(Stored dataset items)
(* Let $R,S$ be rings and $M$ an $(S,R)$-bimodule such that the coinduction functor $G={}_S\mathrm{Hom}(M,\bullet):{}_S\mathcal{M}\to{}_R\mathcal{M}$ is naturally full, and let $\sum_{i=1}^n m_i\otimes_R f_i\in(M\otimes_R{}^*M)^S$ satisfy $m\otimes_R\mathrm{id}_M=\sum_{i=1}^n m_i\otimes_R((?)f_i\,m)$ in $M\otimes_R{}_S\mathrm{End}(M)$ for all $m\in M$. Then $e=\sum_{i=1}^n (m_i)f_i$ is a central idempotent of $S$, and $sm=sem=esem$ for all $s\in S$, $m\in M$. Therefore $S\cong S_1\times S_2$ where $S_1=eSe$, $S$ acts on $M$ via $S_1$, and $M$ is a generator in ${}_{S_1}\mathcal{M}$.
   Context: Left $S$-linear maps are written on the right: $(m)f$. For $Q\in{}_S\mathcal{M}$, ${}_S\mathrm{Hom}(M,Q)$ is a left $R$-module via $(m)(r\cdot f)=(mr)f$; ${}^*M={}_S\mathrm{Hom}(M,S)$ is an $(R,S)$-bimodule via $(m)(r\cdot f\cdot s)=((mr)f)s$; $(M\otimes_R{}^*M)^S=\{x: sx=xs\ \forall s\in S\}$. $(?)f_i\,m$ denotes the endomorphism $x\mapsto((x)f_i)m$ of $M$. A functor $F:\mathcal{A}\to\mathcal{B}$ is naturally full if there are maps $\mathcal{P}_{A,A'}:\mathrm{Hom}_{\mathcal{B}}(FA,FA')\to\mathrm{Hom}_{\mathcal{A}}(A,A')$, natural in $A,A'$, with $F(\mathcal{P}_{A,A'}(u))=u$ for all $u$. *)

theory Defs
  imports Main "HOL-Library.FuncSet"
begin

> WORK TO COMPLETE
Copy out the lines starting at the one containing "theory Defs" and ending with the last line of the entries. Include nothing else.

> RESPONSE TO THE EXERCISE
theory Defs
  imports Main "HOL-Library.FuncSet"
begin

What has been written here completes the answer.